Go through the data below and copy each line where the word "dots" occurs.
++++ Records provided
lemma measurable_F_cong:
  "(\<And>w. w \<in> space M \<Longrightarrow> g w = h w) \<Longrightarrow> h \<in> measurable (F t) N \<Longrightarrow> g \<in> measurable (F t) N"
  using measurable_cong[of "F t" g h N] space_F by metis

lemma sigma_finite_subalgebra_F: "sigma_finite_subalgebra M (F t)"
proof (rule finite_measure_subalgebra_is_sigma_finite)
  show "finite_measure_subalgebra M (F t)"
    by (intro finite_measure_subalgebra.intro finite_measure_axioms)
       (simp add: finite_measure_subalgebra_axioms_def sub)
qed

lemma gradf_measurable [measurable]: "gradf \<in> borel_measurable borel"
  by (rule borel_measurable_continuous_onI[OF lipschitz_on_continuous_on[OF smooth]])

lemma f_measurable [measurable]: "f \<in> borel_measurable borel"
proof (rule borel_measurable_continuous_onI)
  show "continuous_on UNIV f"
    using grad by (auto simp: gderiv_def intro: continuous_at_imp_continuous_on has_derivative_continuous)
qed

(* Lhat > 0 is not assumed: for Lhat = 0 the division in (iv) yields 0 and forces zeta t <= 0. *)
lemma Lhat_pos: "t < T \<Longrightarrow> 0 < Lhat"
proof (rule ccontr)
  assume "t < T" "\<not> 0 < Lhat"
  moreover have "0 \<le> L"
    using smooth by (simp add: lipschitz_on_def)
  ultimately have "Lhat = 0"
    using Lhat by simp
  then have "AE w in M. zeta t w \<le> 0"
    using zeta_le[OF \<open>t < T\<close>] by simp
  moreover have "AE w in M. 0 < zeta t w"
    using zeta_pos[OF \<open>t < T\<close>] by simp
  ultimately have "AE w in M. False"
    by eventually_elim simp
  then show False
    by simp
qed

lemma gamma_pos: "t \<le> T \<Longrightarrow> w \<in> space M \<Longrightarrow> 0 < gamma t w"
proof (induction t)
  case 0
  then show ?case using init_gamma gamma0 by simp
next
  case (Suc t)
  then show ?case using gamma_next[of t w] alpha_range[of t w] by simp
qed

(* alpha t is not assumed measurable; as the positive root of a^2 + c a - c = 0 with
   c = zeta t * gamma t it is a Borel function of c. *)
lemma alpha_root:
  assumes "t < T" "w \<in> space M"
  shows "alpha t w = (sqrt ((zeta t w * gamma t w)\<^sup>2 + 4 * (zeta t w * gamma t w))
                      - zeta t w * gamma t w) / 2"
proof -
  define c where "c = zeta t w * gamma t w"
  have "0 < c"
    using assms zeta_pos gamma_pos by (simp add: c_def)
  have "(2 * alpha t w + c)\<^sup>2 = c\<^sup>2 + 4 * c"
    using alpha_eq[OF assms] by (simp add: c_def power2_eq_square algebra_simps)
  then have "sqrt (c\<^sup>2 + 4 * c) = 2 * alpha t w + c"
    using alpha_range[OF assms] \<open>0 < c\<close> by (intro real_sqrt_unique) auto
  then show ?thesis
    by (simp add: c_def)
qed

lemma step_measurable:
  assumes t: "t < T"
    and [measurable]: "theta t \<in> borel_measurable (F t)" "m t \<in> borel_measurable (F t)"
      "gamma t \<in> borel_measurable (F t)"
  shows "alpha t \<in> borel_measurable (F t)" "thetat t \<in> borel_measurable (F t)"
    "gamma (Suc t) \<in> borel_measurable (F t)" "g1 t \<in> borel_measurable (F (Suc t))"
    "theta (Suc t) \<in> borel_measurable (F (Suc t))" "m (Suc t) \<in> borel_measurable (F (Suc t))"
proof -
  note [measurable] = zeta_meas[OF t] v_meas[OF t] g2_meas[OF t] p_meas[OF t]
  show alpha [measurable]: "alpha t \<in> borel_measurable (F t)"
    by (rule measurable_F_cong[OF alpha_root[OF t]]) measurable
  show thetat [measurable]: "thetat t \<in> borel_measurable (F t)"
    by (rule measurable_F_cong[OF thetat_def[OF t]]) measurable
  show "gamma (Suc t) \<in> borel_measurable (F t)"
    by (rule measurable_F_cong[OF gamma_next[OF t]]) measurable
  note [measurable] = measurable_F_Suc[OF alpha] measurable_F_Suc[OF thetat]
    measurable_F_Suc[of "zeta t"] measurable_F_Suc[of "theta t"] measurable_F_Suc[of "m t"]
  show g1 [measurable]: "g1 t \<in> borel_measurable (F (Suc t))"
    by (rule measurable_F_cong[OF g1_def[OF t]]) measurable
  show "theta (Suc t) \<in> borel_measurable (F (Suc t))"
    by (rule measurable_F_cong[OF theta_next[OF t]]) measurable
  show "m (Suc t) \<in> borel_measurable (F (Suc t))"
    by (rule measurable_F_cong[OF m_next[OF t]]) measurable
qed

lemma iterates_measurable:
  assumes "t \<le> T"
  shows "theta t \<in> borel_measurable (F t) \<and> m t \<in> borel_measurable (F t)
    \<and> gamma t \<in> borel_measurable (F t)"
  using assms
proof (induction t)
  case 0
  show ?case
    using measurable_F_cong[of "theta 0" "\<lambda>_. theta0"] measurable_F_cong[of "m 0" "\<lambda>_. theta0"]
      measurable_F_cong[of "gamma 0" "\<lambda>_. gamma0"] init_theta init_m init_gamma
    by simp
next
  case (Suc t)
  then have "t < T" by simp
  with Suc step_measurable[of t] measurable_F_cong[OF gamma_next] show ?case
    by (auto intro: measurable_F_Suc)
qed

lemma inv_sqrt_gamma_ge:
  assumes "t \<le> T" "w \<in> space M"
  shows "1 / sqrt gamma0 + (\<Sum>k<t. sqrt (zeta k w)) / 2 \<le> 1 / sqrt (gamma t w)"
  using assms(1)
proof (induction t)
  case 0
  then show ?case using init_gamma[OF assms(2)] by simp
next
  case (Suc t)
  then have t: "t < T" by simp
  have "1 / sqrt gamma0 + (\<Sum>k<Suc t. sqrt (zeta k w)) / 2
      = (1 / sqrt gamma0 + (\<Sum>k<t. sqrt (zeta k w)) / 2) + sqrt (zeta t w) / 2"
    by (simp add: add_divide_distrib)
  also have "\<dots> \<le> 1 / sqrt (gamma t w) + sqrt (zeta t w) / 2"
    using Suc by simp
  also have "\<dots> \<le> 1 / sqrt ((1 - alpha t w) * gamma t w)"
    using gamma_pos[of t w] alpha_range[OF t assms(2)] alpha_eq[OF t assms(2)] t assms(2)
    by (intro inv_sqrt_step_bound) auto
  also have "\<dots> = 1 / sqrt (gamma (Suc t) w)"
    using gamma_next[OF t assms(2)] by simp
  finally show ?case .
qed

lemma inner_gradient_g1:
  assumes t: "t < T" and w: "w \<in> space M"
  shows "gradf (thetat t w) \<bullet> g1 t w = (norm (g1 t w))\<^sup>2"
proof -
  define e where "e i = (if i = 0 then v t w else p t i w)" for i
  have "g1 t w = (\<Sum>i\<in>{0..s}. (gradf (thetat t w) \<bullet> e i) *\<^sub>R e i)"
    by (simp add: g1_def[OF t w] sum.atLeast_Suc_atMost e_def)
  moreover have "gradf (thetat t w) \<bullet> (\<Sum>i\<in>{0..s}. (gradf (thetat t w) \<bullet> e i) *\<^sub>R e i)
      = (norm (\<Sum>i\<in>{0..s}. (gradf (thetat t w) \<bullet> e i) *\<^sub>R e i))\<^sup>2"
    using v_unit[OF t w] p_unit[OF t _ w] vp_orth[OF t _ w] pp_orth[OF t _ _ _ w]
    by (intro inner_orthonormal_projection) (auto simp: e_def inner_commute)
  ultimately show ?thesis
    by simp
qed

definition lyapunov :: "nat \<Rightarrow> 'w \<Rightarrow> real" where
  "lyapunov t w = gamma0 / gamma t w * (f (theta t w) - f thetastar)
                  + gamma0 / 2 * (norm (m t w - thetastar))\<^sup>2"

definition drift :: "nat \<Rightarrow> 'w \<Rightarrow> real" where
  "drift t w = alpha t w * ((gradf (thetat t w) - g2 t w) \<bullet> (m t w - thetastar))
               + zeta t w / 2 * (norm (g2 t w))\<^sup>2 - (norm (g1 t w))\<^sup>2 / (2 * Lhat)"

lemma lyapunov_nonneg: "t \<le> T \<Longrightarrow> w \<in> space M \<Longrightarrow> 0 \<le> lyapunov t w"
  unfolding lyapunov_def using gamma_pos[of t w] gamma0 minimizer[of "theta t w"] by simp

lemma lyapunov_measurable: "t \<le> T \<Longrightarrow> lyapunov t \<in> borel_measurable M"
  using iterates_measurable[of t] unfolding lyapunov_def[abs_def]
  by (auto intro!: borel_measurable_add borel_measurable_times borel_measurable_divide
      measurable_F_M)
++++++++
■ Exercise solution:
  also have "\<dots> \<le> 1 / sqrt (gamma t w) + sqrt (zeta t w) / 2"
  also have "\<dots> \<le> 1 / sqrt ((1 - alpha t w) * gamma t w)"
  also have "\<dots> = 1 / sqrt (gamma (Suc t) w)"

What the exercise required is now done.